# Comparison of two inexpensive dovetail saws



## pintodeluxe

I have the Crown Gents saw, and I don't care for the handle. I haven't mastered the fine are of hand cut dovetails yet, but it works fine for cutting a notch now and then.


----------



## CharlesA

The handle on the Zona is very similar. If I stay with hand cutting dovetails, I'll probably get the veritas. I'm intrigued by the Japanese saws as well-they generally have straight handles as well, but longer.


----------



## rad457

Started with a Zona saw, I flattened one side as a reference and for alignment. Have switched to a Japanese saw and will never go back. Will use a Crown saw or my Vertias 15tpi for thicker work. Comes down to what you like, what works and what you can afford!


----------



## Tim457

Charles thanks for the review and comparison. I have one of the Crown gents saws and I can't get used to the gents handle either. I've been meaning to replace the handle with an traditional open style handle as a few LJs have done with good results.
Here's Airframer's here:


----------



## JulianLech

I've used the Crown gents saw for a few years.
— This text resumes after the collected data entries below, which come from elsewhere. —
(* Let $A=KQ/I$ be a linear Nakayama algebra with vertices $Q_0=\{1,\ldots,n\}$ labelled canonically $1\to2\to\cdots\to n$, and let $i\in Q_0$ with $e(S_i)\ge 2$. Then there exists an indecomposable $A$-module $M$ with a minimal injective coresolution $0\to M\to I^0\to\cdots\to I^d\to 0$ such that $I^d\cong I(i)$, $d=\operatorname{idim}M=e(S_i)-1$, and moreover $$\underline{\dim}(M)_{[1:\hat h(i)-1]}=r_j(\omega_A,\hat h(i)-1)\quad\text{and}\quad \underline{\dim}(M)_{[\hat h(i):n]}=0$$ for some $j>i$. In particular, $M$ has no composition factor $S_\ell$ with $\ell\ge \hat h(i)$.
   Context: A linear Nakayama algebra is $A=KQ/I$ with $K$ a field, $Q$ the quiver $1\to2\to\cdots\to n$ and $I$ admissible. Modules are finitely generated right modules; $S_i$, $I(i)=D(Ae_i)$ denote simple and indecomposable injective modules, $I(S)$ the injective envelope of $S$, $\Omega$ the syzygy. For a simple $S$, $e(S)=\min\{\operatorname{pdim}S,\operatorname{pdim}I(S)\}$; $N(S)=S$ if $e(S)$ is odd and $N(S)=I(S)$ if $e(S)$ is even; $h(S)=\operatorname{top}\Omega^{e(S)}(N(S))$ (a simple module), and $\hat h(i)=j$ if $h(S_i)\cong S_j$. The Cartan matrix is $\omega_A=(\dim_K e_jAe_i)_{i,j}$ (its $j$-th row is $\underline{\dim}\,I(j)$). For an $n\times n$ matrix $B$, $r_j(B,k)$ denotes the vector of the first $k$ entries of the $j$-th row of $B$; for a vector $v=(v_1,\ldots,v_n)$, $v_{[a:b]}=(v_a,\ldots,v_b)$. $\underline{\dim}(M)$ is the dimension vector of $M$. *)

theory Defs
  imports Main
begin

text \<open>
Combinatorial model of a linear Nakayama algebra A = KQ/I, Q = 1 -> 2 -> ... -> n,
right modules = representations of Q.  Since between two vertices of Q there is at
most one path, every admissible I is spanned by paths, and A is determined by its
Kupisch series c, where c a = length of the indecomposable projective P(a) = e_a A.
Indecomposable modules are (up to isomorphism) the uniserial interval modules
M(a,b) with composition factors S_a (top), ..., S_b (socle), existing iff
b - a + 1 <= c a.  The zero module is represented by None.
\<close>

definition kupisch :: "nat \<Rightarrow> (nat \<Rightarrow> nat) \<Rightarrow> bool" where
  "kupisch n c \<longleftrightarrow> n \<ge> 1 \<and> c n = 1 \<and>
     (\<forall>a\<in>{1..<n}. 2 \<le> c a \<and> c a \<le> c (Suc a) + 1)"

definition is_mod :: "nat \<Rightarrow> (nat \<Rightarrow> nat) \<Rightarrow> nat \<times> nat \<Rightarrow> bool" where
  "is_mod n c M \<longleftrightarrow> (case M of (a,b) \<Rightarrow> 1 \<le> a \<and> a \<le> b \<and> b \<le> n \<and> b - a + 1 \<le> c a)"

definition dimvec :: "nat \<times> nat \<Rightarrow> nat \<Rightarrow> nat" where
  "dimvec M l = (case M of (a,b) \<Rightarrow> if a \<le> l \<and> l \<le> b then 1 else 0)"

definition simple :: "nat \<Rightarrow> nat \<times> nat" where
  "simple i = (i, i)"

definition projmod :: "(nat \<Rightarrow> nat) \<Rightarrow> nat \<Rightarrow> nat \<times> nat" where
  "projmod c a = (a, a + c a - 1)"

text \<open>indecomposable injective I(b) = D(A e_b): the vertices k <= b with a nonzero path k -> b\<close>
definition injstart :: "(nat \<Rightarrow> nat) \<Rightarrow> nat \<Rightarrow> nat" where
  "injstart c b = (LEAST k. 1 \<le> k \<and> b - k + 1 \<le> c k)"

definition injmod :: "(nat \<Rightarrow> nat) \<Rightarrow> nat \<Rightarrow> nat \<times> nat" where
  "injmod c b = (injstart c b, b)"

text \<open>syzygy: kernel of the projective cover P(a) -> M(a,b)\<close>
definition syz :: "(nat \<Rightarrow> nat) \<Rightarrow> nat \<times> nat \<Rightarrow> (nat \<times> nat) option" where
  "syz c M = (case M of (a,b) \<Rightarrow>
     if b < a + c a - 1 then Some (b + 1, a + c a - 1) else None)"

text \<open>cosyzygy: cokernel of the injective envelope M(a,b) -> I(b)\<close>
definition cosyz :: "(nat \<Rightarrow> nat) \<Rightarrow> nat \<times> nat \<Rightarrow> (nat \<times> nat) option" where
  "cosyz c M = (case M of (a,b) \<Rightarrow>
     if injstart c b < a then Some (injstart c b, a - 1) else None)"

definition syzo :: "(nat \<Rightarrow> nat) \<Rightarrow> (nat \<times> nat) option \<Rightarrow> (nat \<times> nat) option" where
  "syzo c M = Option.bind M (syz c)"

definition cosyzo :: "(nat \<Rightarrow> nat) \<Rightarrow> (nat \<times> nat) option \<Rightarrow> (nat \<times> nat) option" where
  "cosyzo c M = Option.bind M (cosyz c)"

text \<open>projective / injective dimension of a nonzero indecomposable module
  (finite, since linear Nakayama algebras have finite global dimension)\<close>
definition pdim :: "(nat \<Rightarrow> nat) \<Rightarrow> nat \<times> nat \<Rightarrow> nat" where
  "pdim c M = (LEAST m. (syzo c ^^ Suc m) (Some M) = None)"

definition idim :: "(nat \<Rightarrow> nat) \<Rightarrow> nat \<times> nat \<Rightarrow> nat" where
  "idim c M = (LEAST m. (cosyzo c ^^ Suc m) (Some M) = None)"

text \<open>k-th term I^k of the minimal injective coresolution of M: the injective
  envelope of the k-th cosyzygy (an indecomposable injective, as the cosyzygy is uniserial)\<close>
definition inj_coresol_term :: "(nat \<Rightarrow> nat) \<Rightarrow> nat \<times> nat \<Rightarrow> nat \<Rightarrow> nat \<times> nat" where
  "inj_coresol_term c M k = injmod c (snd (the ((cosyzo c ^^ k) (Some M))))"

definition e_simple :: "(nat \<Rightarrow> nat) \<Rightarrow> nat \<Rightarrow> nat" where
  "e_simple c i = min (pdim c (simple i)) (pdim c (injmod c i))"

definition N_simple :: "(nat \<Rightarrow> nat) \<Rightarrow> nat \<Rightarrow> nat \<times> nat" where
  "N_simple c i = (if odd (e_simple c i) then simple i else injmod c i)"

text \<open>top of Omega^{e(S_i)}(N(S_i)) is the simple S_{hhat i}\<close>
definition hhat :: "(nat \<Rightarrow> nat) \<Rightarrow> nat \<Rightarrow> nat" where
  "hhat c i = fst (the ((syzo c ^^ e_simple c i) (Some (N_simple c i))))"

text \<open>Cartan matrix omega_A, entry (i,j) = dim e_j A e_i = [nonzero path j -> i]\<close>
definition cartan :: "(nat \<Rightarrow> nat) \<Rightarrow> nat \<Rightarrow> nat \<Rightarrow> nat" where
  "cartan c i j = (if j \<le> i \<and> i - j + 1 \<le> c j then 1 else 0)"

end

theory Submission imports Defs begin

text \<open>
Write the module with composition factors S_(u+1), ..., S_v as the half-open interval (u, v]. Then
P(u+1) = (u, proj_bound c u] and I(v) = (inj_bound c v, v]; the syzygy of (u, v] is
(v, proj_bound c u] and its cosyzygy is (inj_bound c v, u]; and the two bounds form a Galois
connection: inj_bound c v \<le> u iff v \<le> proj_bound c u.

Let x = syzS and z = syzI be the syzygy orbits of S_i = (i - 1, i] and of I(i) = (inj_bound c i, i]. They
agree at odd places, z \<le> x at even places, and both increase strictly up to place e + 1,
because e is at most the projective dimension of both modules. Take M = (inj_bound c z_(e+1), z_e],
the part of I(z_(e+1)) below the vertex hhat i = z_e + 1. Applying the Galois connection step by
step squeezes the cosyzygy orbit y = cosyzM of M as x_(e-1-t) < y_t \<le> z_(e-t), so y decreases strictly;
the bracket (x_0, z_1] = (i - 1, i] forces y_(e-1) = i, and then y_e = y_(e+1) = inj_bound c i.
Hence idim M = e - 1 with last term I(i). Only e \<le> min (pdim S_i) (pdim I(i)) is used.
\<close>

definition proj_bound :: "(nat \<Rightarrow> nat) \<Rightarrow> nat \<Rightarrow> nat" where
  "proj_bound c u = u + c (Suc u)"

definition inj_bound :: "(nat \<Rightarrow> nat) \<Rightarrow> nat \<Rightarrow> nat" where
  "inj_bound c v = injstart c v - 1"

locale linear_nakayama =
  fixes n :: nat and c :: "nat \<Rightarrow> nat"
  assumes kupisch: "kupisch n c"
begin

lemma n_pos: "1 \<le> n"
  using kupisch by (simp add: kupisch_def)

lemma kupisch_step: "1 \<le> a \<Longrightarrow> a < n \<Longrightarrow> 2 \<le> c a \<and> c a \<le> c (Suc a) + 1"
  using kupisch by (simp add: kupisch_def)

lemma c_pos:
  assumes "1 \<le> a" "a \<le> n"
  shows "1 \<le> c a"
proof (cases "a < n")
  case True
  then show ?thesis using kupisch_step[OF assms(1)] by linarith
next
  case False
  then show ?thesis using assms kupisch by (simp add: kupisch_def)
qed

lemma proj_end_le: "a \<le> n \<Longrightarrow> 1 \<le> a \<Longrightarrow> a + c a \<le> Suc n"
proof (induction a rule: inc_induct)
  case base
  then show ?case using kupisch by (simp add: kupisch_def)
next
  case (step a)
  then have "c a \<le> c (Suc a) + 1" using kupisch_step by simp
  then show ?case using step by simp
qed

lemma proj_bound_le: "u < n \<Longrightarrow> proj_bound c u \<le> n"
  using proj_end_le[of "Suc u"] by (simp add: proj_bound_def)

lemma proj_bound_mono: "u \<le> u' \<Longrightarrow> u' < n \<Longrightarrow> proj_bound c u \<le> proj_bound c u'"
proof (induction u' rule: dec_induct)
  case (step m)
  then have "c (Suc m) \<le> c (Suc (Suc m)) + 1" using kupisch_step by simp
  then show ?case using step by (simp add: proj_bound_def)
qed simp

lemma injstart_spec:
  assumes "v \<le> n"
  shows "1 \<le> injstart c v" "injstart c v \<le> max 1 v" "v - injstart c v + 1 \<le> c (injstart c v)"
proof -
  have witness: "1 \<le> max 1 v \<and> v - max 1 v + 1 \<le> c (max 1 v)"
    using c_pos[of "max 1 v"] assms n_pos by auto
  show "1 \<le> injstart c v" "v - injstart c v + 1 \<le> c (injstart c v)"
    unfolding injstart_def using LeastI[where P = "\<lambda>k. 1 \<le> k \<and> v - k + 1 \<le> c k", OF witness] by auto
  show "injstart c v \<le> max 1 v"
    unfolding injstart_def by (rule Least_le) (rule witness)
qed

lemma injstart_eq: "v \<le> n \<Longrightarrow> injstart c v = Suc (inj_bound c v)"
  using injstart_spec(1)[of v] by (simp add: inj_bound_def)

lemma path_iff_le_proj_bound:
  "1 \<le> k \<Longrightarrow> k \<le> n \<Longrightarrow> v - k + 1 \<le> c k \<longleftrightarrow> v \<le> proj_bound c (k - 1)"
  using c_pos[of k] by (cases "k \<le> v") (auto simp: proj_bound_def)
It cuts much better once I sharpened the teeth.


----------



## CharlesA

Sharpening teeth that small is not enticing to me.


----------



## AESamuel

I have the zona and while it does cut ok once sharpened, I find it almost always binds in the kerf before I've reached the bottom of my dovetail cut. Increasing the set may help but then you won't get as thin a kerf and I don't have a setting tool anyway!


----------



## CharlesA

I've been using the David Barron Dovetail Guide, and that helps me get started straight. I have had it bind from time to time, but not too bad.


----------



## a1Jim

Thanks for the reviews Charles.


----------



## AESamuel

Just thought I'd say - I got a setting tool today and since increasing the set the zona works great. I might add an open style handle at a later date but for now I'm more than happy - even with an increased set the kerf you get is tiny!


----------